(TASK TO CARRY OUT): Among the entries below, find the line with "(- \<theta> * r)) * ?q \<le>", then quote it and each following line up to and including the line with "using e assms(2)", and nothing else.

▬▬▬▬▬▬

lemma throughput_single_user:
  fixes h :: "'n::finite \<Rightarrow> real^'m"
  assumes "\<And>A i. rate B xi Pt s2 ord h A i = (if i = j then r else 0)"
  shows "throughput B xi Pt s2 ord h \<beta> p =
           r * (\<Sum>A\<in>{A\<in>feasible_states TYPE('m). j \<in> A}. state_prob p \<beta> A)"
proof -
  have "throughput B xi Pt s2 ord h \<beta> p =
          (\<Sum>A\<in>feasible_states TYPE('m). if j \<in> A then r * state_prob p \<beta> A else 0)"
    unfolding throughput_def assms
    by (intro sum.cong refl) (simp add: if_distrib[of "\<lambda>x. x * _"] sum.delta cong: if_cong)
  then show ?thesis
    by (simp add: sum.inter_filter[symmetric] sum_distrib_left if_distrib[of "(*) r"])
qed

lemma eff_cap_single_user_nonneg:
  fixes h :: "'n::finite \<Rightarrow> real^'m"
  assumes "\<And>A i. rate B xi Pt s2 ord h A i = (if i = j then r else 0)"
    and "\<theta> > 0" and "r \<ge> 0"
    and "0 \<le> (\<Sum>A\<in>{A\<in>feasible_states TYPE('m). j \<in> A}. state_prob p \<beta> A)"
    and "(\<Sum>A\<in>{A\<in>feasible_states TYPE('m). j \<in> A}. state_prob p \<beta> A) \<le> 1"
  shows "eff_cap B xi Pt s2 ord h \<beta> \<theta> i p \<ge> 0"
proof (cases "i = j")
  case True
  let ?q = "\<Sum>A\<in>{A\<in>feasible_states TYPE('m). j \<in> A}. state_prob p \<beta> A"
  have "0 \<le> (1 - exp (- \<theta> * r)) * ?q" "(1 - exp (- \<theta> * r)) * ?q \<le> 1"
    using assms(2-5) by (auto intro!: mult_nonneg_nonneg mult_le_one)
  then have "ln (1 - (1 - exp (- \<theta> * r)) * ?q) \<le> 0"
    by (cases "(1 - exp (- \<theta> * r)) * ?q = 1") auto
  moreover have "eff_cap B xi Pt s2 ord h \<beta> \<theta> i p =
                   - (1 / \<theta>) * ln (1 - (1 - exp (- \<theta> * r)) * ?q)"
    unfolding eff_cap_def assms(1) True by (simp add: sum_distrib_left)
  ultimately show ?thesis
    using assms(2) by (simp add: divide_nonpos_pos)
qed (simp add: eff_cap_def assms(1))
lemma has_cycle_image:
  assumes "inj_on f V" "has_cycle V E"
  shows "has_cycle (f ` V) (image_edges f E)"
proof -
  obtain xs where xs: "walk V E xs" "distinct xs" "length xs \<ge> 3" "{last xs, hd xs} \<in> E"
    using assms(2) unfolding has_cycle_def by blast
  then have "distinct (map f xs)"
    using assms(1) by (simp add: distinct_map walk_def inj_on_subset)
  moreover have "{last (map f xs), hd (map f xs)} \<in> image_edges f E"
    using edge_image[OF xs(4), of f] xs(1) by (simp add: walk_def last_map hd_map)
  ultimately show ?thesis
    unfolding has_cycle_def using walk_image[OF xs(1)] xs(3) by (intro exI[of _ "map f xs"]) simp
qed

lemma image_edges_inv_into:
  assumes "inj_on f V" "simple_graph V E"
  shows "image_edges (inv_into V f) (image_edges f E) = E"
proof -
  have cancel: "inv_into V f ` f ` e = e" if e: "e \<in> E" for e
  proof -
    obtain u v where "e = {u, v}" "u \<in> V" "v \<in> V"
      using e assms(2) unfolding simple_graph_def by blast
    then show ?thesis using assms(1) by simp
  qed
  have "image_edges (inv_into V f) (image_edges f E) = (\<lambda>e. inv_into V f ` f ` e) ` E"
    by (simp only: image_image)
  also have "\<dots> = (\<lambda>e. e) ` E" by (rule image_cong[OF refl cancel])
  finally show ?thesis by simp
qed

context connected_simple_graph
begin

lemma image_graph: "inj_on f V \<Longrightarrow> connected_simple_graph (f ` V) (image_edges f E)"
  using connected simple connected_graph_image simple_graph_image by unfold_locales blast+

lemma dist_image_le:
  assumes "inj_on f V" "a \<in> V" "b \<in> V"
  shows "dist (f ` V) (image_edges f E) (f a) (f b) \<le> dist V E a b"
proof -
  obtain xs where "walk V E xs" "hd xs = a" "last xs = b" "length xs = Suc (dist V E a b)"
    using shortest_walk assms by blast
  then show ?thesis
    using connected_simple_graph.dist_le_walk_length[OF image_graph[OF assms(1)] walk_image]
    by (fastforce simp: walk_def hd_map last_map)
qed
(* There is $\varepsilon_0>0$ such that for every fixed $\varepsilon\in(0,\varepsilon_0)$ the following holds. Let $p=p(n)$ satisfy $(1-\varepsilon)\log n\le np\le \log n+\log\log n$, and let $G\sim G(n,p)$. For integers $k\ge 0$ let $X_k$ be the number of vertices of degree $k$ in $G$ and $n_k=n\binom{n-1}{k}p^k(1-p)^{n-k-1}$. Let $K_0=K_0(n)\in\{0,1,2\}$ be any choice with $n_{K_0}\to\infty$, and $K_1=\lfloor \log n/10^3\rfloor$. Then a.a.s., for every integer $k\in[K_0,K_1]$, $|X_k-n_k|\le n_k/\log n_k$.
   Context: $G(n,p)$ is the binomial random graph; $\log$ is the natural logarithm; a.a.s. means with probability tending to $1$ as $n\to\infty$. *)

theory Defs
  imports "HOL-Probability.Probability"
begin

text \<open>Binomial random graph G(n,p) on vertex set {0..<n}: a graph is an indicator
  function on 2-element vertex sets; each of the potential edges is present
  independently with probability p.\<close>

definition pairs :: "nat \<Rightarrow> nat set set" where
  "pairs n = {{i, j} | i j. i < j \<and> j < n}"

definition Gnp :: "nat \<Rightarrow> real \<Rightarrow> (nat set \<Rightarrow> bool) pmf" where
  "Gnp n p = Pi_pmf (pairs n) False (\<lambda>_. bernoulli_pmf p)"

definition degree :: "nat \<Rightarrow> (nat set \<Rightarrow> bool) \<Rightarrow> nat \<Rightarrow> nat" where
  "degree n G v = card {u. u < n \<and> u \<noteq> v \<and> G {u, v}}"

definition num_deg :: "nat \<Rightarrow> (nat set \<Rightarrow> bool) \<Rightarrow> nat \<Rightarrow> nat" where
  "num_deg n G k = card {v. v < n \<and> degree n G v = k}"

definition expdeg :: "nat \<Rightarrow> real \<Rightarrow> nat \<Rightarrow> real" where
  "expdeg n p k = real n * real ((n - 1) choose k) * p ^ k * (1 - p) ^ (n - k - 1)"

end

theory Submission
  imports Defs "HOL-Real_Asymp.Real_Asymp"
begin

text \<open>Second moment method. \<open>X\<^sub>k\<close> is a sum of \<open>n\<close> indicators of the events
  \<open>deg v = k\<close>, and two of them interact only through the potential edge \<open>uv\<close>. Conditioning on
  that edge shows that, as long as \<open>k\<close> lies below the mode of \<open>Bin(n - 2, p)\<close>,
  \<open>E (X\<^sub>k - n\<^sub>k)\<^sup>2 \<le> n\<^sub>k + 2 p n\<^sub>k\<^sup>2\<close>. Chebyshev's inequality with deviation
  \<open>n\<^sub>k / ln n\<^sub>k\<close> bounds the failure probability for a single \<open>k\<close> by
  \<open>ln\<^sup>2 n\<^sub>k / n\<^sub>k + 2 p ln\<^sup>2 n\<close>. For \<open>K\<^sub>0 \<le> k \<le> ln n / 1000\<close> the ratio
  \<open>n\<^sub>k\<^sub>+\<^sub>1 / n\<^sub>k\<close> is at least 4, so the first terms sum to \<open>O(1 / \<surd>n\<^sub>K\<^sub>0)\<close>,
  and the second ones to \<open>O(ln\<^sup>4 n / n)\<close>.\<close>

section \<open>Binomial probabilities\<close>

lemma pmf_binomial_Suc_eq:
  assumes "0 \<le> p" "p \<le> 1"
  shows "pmf (binomial_pmf (Suc m) p) k =
    p * (if k = 0 then 0 else pmf (binomial_pmf m p) (k - 1)) + (1 - p) * pmf (binomial_pmf m p) k"
proof (cases k)
  case 0
  then show ?thesis using assms by simp
next
  case (Suc j)
  consider "j < m" | "j = m" | "m < j" by linarith
  then show ?thesis
  proof cases
    case 1
    then have "Suc m - Suc j = Suc (m - Suc j)" "m - j = Suc (m - Suc j)" by auto
    then show ?thesis using Suc assms by (simp add: algebra_simps)
  qed (use Suc assms in \<open>auto simp: binomial_eq_0\<close>)
qed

▬▬▬▬▬▬

(RESULT OF THE TASK):
  have "0 \<le> (1 - exp (- \<theta> * r)) * ?q" "(1 - exp (- \<theta> * r)) * ?q \<le> 1"
    using assms(2-5) by (auto intro!: mult_nonneg_nonneg mult_le_one)
  then have "ln (1 - (1 - exp (- \<theta> * r)) * ?q) \<le> 0"
    by (cases "(1 - exp (- \<theta> * r)) * ?q = 1") auto
  moreover have "eff_cap B xi Pt s2 ord h \<beta> \<theta> i p =
                   - (1 / \<theta>) * ln (1 - (1 - exp (- \<theta> * r)) * ?q)"
    unfolding eff_cap_def assms(1) True by (simp add: sum_distrib_left)
  ultimately show ?thesis
    using assms(2) by (simp add: divide_nonpos_pos)
qed (simp add: eff_cap_def assms(1))
lemma has_cycle_image:
  assumes "inj_on f V" "has_cycle V E"
  shows "has_cycle (f ` V) (image_edges f E)"
proof -
  obtain xs where xs: "walk V E xs" "distinct xs" "length xs \<ge> 3" "{last xs, hd xs} \<in> E"
    using assms(2) unfolding has_cycle_def by blast
  then have "distinct (map f xs)"
    using assms(1) by (simp add: distinct_map walk_def inj_on_subset)
  moreover have "{last (map f xs), hd (map f xs)} \<in> image_edges f E"
    using edge_image[OF xs(4), of f] xs(1) by (simp add: walk_def last_map hd_map)
  ultimately show ?thesis
    unfolding has_cycle_def using walk_image[OF xs(1)] xs(3) by (intro exI[of _ "map f xs"]) simp
qed

lemma image_edges_inv_into:
  assumes "inj_on f V" "simple_graph V E"
  shows "image_edges (inv_into V f) (image_edges f E) = E"
proof -
  have cancel: "inv_into V f ` f ` e = e" if e: "e \<in> E" for e
  proof -
    obtain u v where "e = {u, v}" "u \<in> V" "v \<in> V"
      using e assms(2) unfolding simple_graph_def by blast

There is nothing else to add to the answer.